China's Department of Health announced on Feb. 27, 2022, that the CoronaVac vaccination service would be provided to pregnant women receiving antenatal services. The WHO recommends using the Sinovac-CoronaVac vaccine in pregnant women when the benefits of vaccination to the pregnant woman outweigh the potential risks. On April 5, 2022, the journal BMC published a study that concluded 'A complete regimen of CoronaVac in pregnant women was effective in preventing symptomatic COVID-19 and highly effective against severe illness in a setting that combined high disease burden and marked COVID-19-related maternal deaths.' 

CoronaVac Dosage

A University of Hong Kong study revealed that three vaccine doses of CoronaVac offered significant protection against death or severe illness in those over 60. On June 1, 2021, the WHO's Strategic Advisory Group of Experts on Immunization completed its vaccine review. As a result, based on the available evidence, the WHO recommends the vaccine for use in adults 18 years and older in a two-dose schedule with a spacing of two to four weeks. In addition, the WHO's SAGE said on October 11, 2021, that moderately and severely immunocompromised persons should be offered an additional dose of all WHO-approved vaccines "since these individuals are less likely to respond adequately to vaccination following a standard primary vaccine series and are at high risk of severe COVID-19 disease." The experts added that people aged 60 and older who received the Sinovac vaccine should get a third dose.

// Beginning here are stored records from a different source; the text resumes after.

text \<open>Modulo \<open>s\<close> the recurrence is \<open>f(n) = x f(n - 1)\<close>, so \<open>f(m + 1) \<equiv> x\<^sup>m\<close>; this
  survives any substitution \<open>s \<mapsto> q\<^sup>a s\<close>.\<close>

lemma carlitz_f_rf_eq_x_power_plus_s_mult:
  "\<exists>P. carlitz_f qv (int (Suc m)) xv (qv ^ a * sv) = rf_of_poly (x_poly ^ m + s_poly * P)"
proof -
  let ?f = "\<lambda>n. carlitz_f qv n xv (qv ^ a * sv)"
  have rec: "solves_carlitz_rec qv xv (qv ^ a * sv) ?f"
    using qv_nonzero sv_nonzero by (intro solves_carlitz_rec_carlitz_f) simp_all
  have "(\<exists>P. ?f (int (Suc m)) = rf_of_poly (x_poly ^ m + s_poly * P)) \<and>
        (\<exists>P. ?f (int (Suc m) + 1) = rf_of_poly (x_poly ^ Suc m + s_poly * P))"
  proof (induction m)
    case 0
    have "?f 0 = 0" "?f 1 = 1"
      using qv_nonzero sv_nonzero by (simp_all add: carlitz_f_0 carlitz_f_1)
    moreover have "?f 2 = xv * ?f 1 + qv powi 0 * (qv ^ a * sv) * ?f 0"
      using solves_carlitz_recD[OF rec, of 2] by simp
    ultimately show ?case
      by (intro conjI exI[of _ 0]) (simp_all add: xv_eq)
  next
    case (Suc m)
    then obtain P0 P1 where
      P0: "?f (int (Suc m)) = rf_of_poly (x_poly ^ m + s_poly * P0)" and
      P1: "?f (int (Suc m) + 1) = rf_of_poly (x_poly ^ Suc m + s_poly * P1)"
      by blast
    have "int (Suc m) + 2 - 1 = int (Suc m) + 1" by simp
    then have "?f (int (Suc m) + 2) = xv * ?f (int (Suc m) + 1) + qv ^ Suc m * (qv ^ a * sv) * ?f (int (Suc m))"
      using solves_carlitz_recD[OF rec, of "int (Suc m) + 2"]
      unfolding add_diff_cancel_right' power_int_of_nat by simp
    also have "\<dots> = rf_of_poly (x_poly ^ Suc (Suc m) +
        s_poly * (x_poly * P1 + q_poly ^ Suc m * q_poly ^ a * (x_poly ^ m + s_poly * P0)))"
      unfolding P0 P1 unfolding xv_eq qv_eq sv_eq
      by (simp add: rf_of_poly_add rf_of_poly_mult rf_of_poly_power algebra_simps)
    finally show ?case
      using P1 by (auto simp: add.assoc)
  qed
  then show ?thesis ..
qed

lemma carlitz_f_rf_nonzero:
  assumes "m > 0"
  shows "carlitz_f qv (int m) xv (qv ^ a * sv) \<noteq> 0"
proof -
  obtain m' where m: "m = Suc m'"
    using assms gr0_conv_Suc by blast
  obtain P where P: "carlitz_f qv (int m) xv (qv ^ a * sv) = rf_of_poly (x_poly ^ m' + s_poly * P)"
    unfolding m using carlitz_f_rf_eq_x_power_plus_s_mult by blast
  have "poly (poly (x_poly ^ m' + s_poly * P) 0) 0 = [:0, 1:] ^ m'"
    by (simp add: x_poly_def s_poly_def poly_power)
  then have "x_poly ^ m' + s_poly * P \<noteq> 0"
    by (metis pCons_eq_0_iff poly_0 power_eq_0_iff zero_neq_one)
  then show ?thesis
    unfolding P rf_of_poly_eq_0_iff .
qed

theorem theorem3:
  fixes k l :: nat and n :: int
  assumes "k > 0" and "l > 0"
  shows "(\<Sum>j=0..k+1.
            (-1) ^ (j + l * (j choose 2)) *
            (qv ^ ((l * (j choose 2) * ((4 * j + 1) * l - 3)) div 6) * sv ^ (l * (j choose 2))) *
            carlitz_bracket qv (k + 1) j xv sv l *
            carlitz_f qv (n - int (j * l)) xv (qv ^ (j * l) * sv) ^ k) = (0::rf)"
  using sum_carlitz_coeff_mult_bracket_mult_shift_power_eq_0[OF qv_nonzero sv_nonzero
      \<open>l > 0\<close> carlitz_f_rf_nonzero]
  unfolding carlitz_coeff_def carlitz_shift_def .

end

The Lancet published a study on December 7, 2021, that found a third dose of CoronaVac in adults administered eight months after a second dose effectively recalled specific immune responses to SARS-CoV-2, which had declined substantially six months after two doses of CoronaVac, resulting in a remarkable increase in the concentration of antibodies and indicating that a two-dose schedule generates good immune memory and a third primary dose is given two months after the second dose induced slightly higher antibody titers than the prior two doses.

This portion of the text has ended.